### [Directions for this task]
Your task is to restate the data word for word.

### [Working data]
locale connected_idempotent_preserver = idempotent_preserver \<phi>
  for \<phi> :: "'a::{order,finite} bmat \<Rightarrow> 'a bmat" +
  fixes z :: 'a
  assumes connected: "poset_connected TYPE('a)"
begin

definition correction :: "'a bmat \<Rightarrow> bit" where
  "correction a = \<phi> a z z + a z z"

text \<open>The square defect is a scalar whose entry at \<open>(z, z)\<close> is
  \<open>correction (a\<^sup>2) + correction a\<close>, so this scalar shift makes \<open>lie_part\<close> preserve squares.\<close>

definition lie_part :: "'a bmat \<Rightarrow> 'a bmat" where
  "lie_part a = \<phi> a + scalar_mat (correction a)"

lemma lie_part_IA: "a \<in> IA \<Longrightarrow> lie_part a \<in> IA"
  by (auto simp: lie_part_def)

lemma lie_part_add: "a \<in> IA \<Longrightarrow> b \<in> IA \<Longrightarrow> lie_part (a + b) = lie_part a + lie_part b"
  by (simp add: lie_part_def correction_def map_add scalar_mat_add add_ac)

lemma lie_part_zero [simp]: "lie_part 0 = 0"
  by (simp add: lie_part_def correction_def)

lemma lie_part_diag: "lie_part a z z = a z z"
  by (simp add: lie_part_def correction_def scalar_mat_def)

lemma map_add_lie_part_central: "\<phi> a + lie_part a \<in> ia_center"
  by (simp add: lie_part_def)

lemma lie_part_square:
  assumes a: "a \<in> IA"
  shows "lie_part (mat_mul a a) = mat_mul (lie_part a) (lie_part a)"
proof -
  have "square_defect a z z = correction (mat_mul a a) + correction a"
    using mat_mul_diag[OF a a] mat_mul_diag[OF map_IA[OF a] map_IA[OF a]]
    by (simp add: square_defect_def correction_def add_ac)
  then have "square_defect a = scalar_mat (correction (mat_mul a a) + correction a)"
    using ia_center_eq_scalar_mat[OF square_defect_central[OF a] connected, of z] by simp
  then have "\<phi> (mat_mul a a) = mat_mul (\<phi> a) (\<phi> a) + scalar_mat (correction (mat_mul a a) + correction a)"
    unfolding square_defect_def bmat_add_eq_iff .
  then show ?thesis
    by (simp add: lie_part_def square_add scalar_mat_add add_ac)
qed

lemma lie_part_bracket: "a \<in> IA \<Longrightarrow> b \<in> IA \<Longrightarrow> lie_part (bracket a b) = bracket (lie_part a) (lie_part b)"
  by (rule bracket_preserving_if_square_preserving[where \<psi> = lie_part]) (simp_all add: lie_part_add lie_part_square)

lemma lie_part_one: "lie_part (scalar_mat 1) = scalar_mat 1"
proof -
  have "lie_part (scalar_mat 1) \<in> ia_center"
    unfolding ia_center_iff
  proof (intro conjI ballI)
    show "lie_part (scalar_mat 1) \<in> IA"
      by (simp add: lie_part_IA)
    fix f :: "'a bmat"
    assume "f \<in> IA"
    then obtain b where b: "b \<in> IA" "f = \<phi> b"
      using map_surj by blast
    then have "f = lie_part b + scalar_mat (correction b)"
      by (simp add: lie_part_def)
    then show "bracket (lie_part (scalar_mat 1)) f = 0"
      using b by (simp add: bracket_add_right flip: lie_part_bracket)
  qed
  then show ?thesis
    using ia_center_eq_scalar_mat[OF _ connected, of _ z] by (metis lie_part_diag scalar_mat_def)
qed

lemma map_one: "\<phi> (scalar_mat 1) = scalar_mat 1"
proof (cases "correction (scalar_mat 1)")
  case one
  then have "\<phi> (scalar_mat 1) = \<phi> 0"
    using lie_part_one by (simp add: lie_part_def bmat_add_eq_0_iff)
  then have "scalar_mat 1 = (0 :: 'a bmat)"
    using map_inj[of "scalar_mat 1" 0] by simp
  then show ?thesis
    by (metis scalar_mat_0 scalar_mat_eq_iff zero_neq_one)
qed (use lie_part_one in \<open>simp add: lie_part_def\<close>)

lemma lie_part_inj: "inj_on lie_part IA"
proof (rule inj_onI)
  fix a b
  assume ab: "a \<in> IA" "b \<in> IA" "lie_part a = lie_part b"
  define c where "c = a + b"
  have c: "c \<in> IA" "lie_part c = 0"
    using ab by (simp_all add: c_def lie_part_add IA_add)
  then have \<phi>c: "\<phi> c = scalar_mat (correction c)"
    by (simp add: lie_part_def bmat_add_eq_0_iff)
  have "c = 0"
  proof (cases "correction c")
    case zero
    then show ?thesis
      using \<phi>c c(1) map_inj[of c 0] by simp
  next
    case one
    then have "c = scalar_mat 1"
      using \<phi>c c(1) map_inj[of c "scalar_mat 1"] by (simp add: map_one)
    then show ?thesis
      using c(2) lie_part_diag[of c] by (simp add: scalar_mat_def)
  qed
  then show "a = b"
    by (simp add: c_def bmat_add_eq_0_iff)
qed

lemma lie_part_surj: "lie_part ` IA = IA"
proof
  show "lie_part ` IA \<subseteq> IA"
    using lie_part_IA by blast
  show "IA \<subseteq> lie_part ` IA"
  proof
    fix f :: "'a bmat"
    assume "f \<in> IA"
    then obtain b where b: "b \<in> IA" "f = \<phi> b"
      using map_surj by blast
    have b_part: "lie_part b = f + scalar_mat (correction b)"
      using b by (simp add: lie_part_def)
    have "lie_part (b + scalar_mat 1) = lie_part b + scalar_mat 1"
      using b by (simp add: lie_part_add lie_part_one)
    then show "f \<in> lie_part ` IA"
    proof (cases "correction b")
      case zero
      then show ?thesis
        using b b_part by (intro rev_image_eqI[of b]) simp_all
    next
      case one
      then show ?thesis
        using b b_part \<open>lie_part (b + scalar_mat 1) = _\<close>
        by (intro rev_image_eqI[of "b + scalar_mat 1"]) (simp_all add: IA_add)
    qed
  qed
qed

### [Solution to this problem]
locale connected_idempotent_preserver = idempotent_preserver \<phi>
  for \<phi> :: "'a::{order,finite} bmat \<Rightarrow> 'a bmat" +
  fixes z :: 'a
  assumes connected: "poset_connected TYPE('a)"
begin

definition correction :: "'a bmat \<Rightarrow> bit" where
  "correction a = \<phi> a z z + a z z"

text \<open>The square defect is a scalar whose entry at \<open>(z, z)\<close> is
  \<open>correction (a\<^sup>2) + correction a\<close>, so this scalar shift makes \<open>lie_part\<close> preserve squares.\<close>

definition lie_part :: "'a bmat \<Rightarrow> 'a bmat" where
  "lie_part a = \<phi> a + scalar_mat (correction a)"

lemma lie_part_IA: "a \<in> IA \<Longrightarrow> lie_part a \<in> IA"
  by (auto simp: lie_part_def)

lemma lie_part_add: "a \<in> IA \<Longrightarrow> b \<in> IA \<Longrightarrow> lie_part (a + b) = lie_part a + lie_part b"
  by (simp add: lie_part_def correction_def map_add scalar_mat_add add_ac)

lemma lie_part_zero [simp]: "lie_part 0 = 0"
  by (simp add: lie_part_def correction_def)

lemma lie_part_diag: "lie_part a z z = a z z"
  by (simp add: lie_part_def correction_def scalar_mat_def)

lemma map_add_lie_part_central: "\<phi> a + lie_part a \<in> ia_center"
  by (simp add: lie_part_def)

lemma lie_part_square:
  assumes a: "a \<in> IA"
  shows "lie_part (mat_mul a a) = mat_mul (lie_part a) (lie_part a)"
proof -
  have "square_defect a z z = correction (mat_mul a a) + correction a"
    using mat_mul_diag[OF a a] mat_mul_diag[OF map_IA[OF a] map_IA[OF a]]
    by (simp add: square_defect_def correction_def add_ac)
  then have "square_defect a = scalar_mat (correction (mat_mul a a) + correction a)"
    using ia_center_eq_scalar_mat[OF square_defect_central[OF a] connected, of z] by simp
  then have "\<phi> (mat_mul a a) = mat_mul (\<phi> a) (\<phi> a) + scalar_mat (correction (mat_mul a a) + correction a)"
    unfolding square_defect_def bmat_add_eq_iff .
  then show ?thesis
    by (simp add: lie_part_def square_add scalar_mat_add add_ac)
qed

lemma lie_part_bracket: "a \<in> IA \<Longrightarrow> b \<in> IA \<Longrightarrow> lie_part (bracket a b) = bracket (lie_part a) (lie_part b)"
  by (rule bracket_preserving_if_square_preserving[where \<psi> = lie_part]) (simp_all add: lie_part_add lie_part_square)

lemma lie_part_one: "lie_part (scalar_mat 1) = scalar_mat 1"
proof -
  have "lie_part (scalar_mat 1) \<in> ia_center"
    unfolding ia_center_iff
  proof (intro conjI ballI)
    show "lie_part (scalar_mat 1) \<in> IA"
      by (simp add: lie_part_IA)
    fix f :: "'a bmat"
    assume "f \<in> IA"
    then obtain b where b: "b \<in> IA" "f = \<phi> b"
      using map_surj by blast
    then have "f = lie_part b + scalar_mat (correction b)"
      by (simp add: lie_part_def)
    then show "bracket (lie_part (scalar_mat 1)) f = 0"
      using b by (simp add: bracket_add_right flip: lie_part_bracket)
  qed
  then show ?thesis
    using ia_center_eq_scalar_mat[OF _ connected, of _ z] by (metis lie_part_diag scalar_mat_def)
qed

lemma map_one: "\<phi> (scalar_mat 1) = scalar_mat 1"
proof (cases "correction (scalar_mat 1)")
  case one
  then have "\<phi> (scalar_mat 1) = \<phi> 0"
    using lie_part_one by (simp add: lie_part_def bmat_add_eq_0_iff)
  then have "scalar_mat 1 = (0 :: 'a bmat)"
    using map_inj[of "scalar_mat 1" 0] by simp
  then show ?thesis
    by (metis scalar_mat_0 scalar_mat_eq_iff zero_neq_one)
qed (use lie_part_one in \<open>simp add: lie_part_def\<close>)

lemma lie_part_inj: "inj_on lie_part IA"
proof (rule inj_onI)
  fix a b
  assume ab: "a \<in> IA" "b \<in> IA" "lie_part a = lie_part b"
  define c where "c = a + b"
  have c: "c \<in> IA" "lie_part c = 0"
    using ab by (simp_all add: c_def lie_part_add IA_add)
  then have \<phi>c: "\<phi> c = scalar_mat (correction c)"
    by (simp add: lie_part_def bmat_add_eq_0_iff)
  have "c = 0"
  proof (cases "correction c")
    case zero
    then show ?thesis
      using \<phi>c c(1) map_inj[of c 0] by simp
  next
    case one
    then have "c = scalar_mat 1"
      using \<phi>c c(1) map_inj[of c "scalar_mat 1"] by (simp add: map_one)
    then show ?thesis
      using c(2) lie_part_diag[of c] by (simp add: scalar_mat_def)
  qed
  then show "a = b"
    by (simp add: c_def bmat_add_eq_0_iff)
qed

lemma lie_part_surj: "lie_part ` IA = IA"
proof
  show "lie_part ` IA \<subseteq> IA"
    using lie_part_IA by blast
  show "IA \<subseteq> lie_part ` IA"
  proof
    fix f :: "'a bmat"
    assume "f \<in> IA"
    then obtain b where b: "b \<in> IA" "f = \<phi> b"
      using map_surj by blast
    have b_part: "lie_part b = f + scalar_mat (correction b)"
      using b by (simp add: lie_part_def)
    have "lie_part (b + scalar_mat 1) = lie_part b + scalar_mat 1"
      using b by (simp add: lie_part_add lie_part_one)
    then show "f \<in> lie_part ` IA"
    proof (cases "correction b")
      case zero
      then show ?thesis
        using b b_part by (intro rev_image_eqI[of b]) simp_all
    next
      case one
      then show ?thesis
        using b b_part \<open>lie_part (b + scalar_mat 1) = _\<close>
        by (intro rev_image_eqI[of "b + scalar_mat 1"]) (simp_all add: IA_add)
    qed
  qed
qed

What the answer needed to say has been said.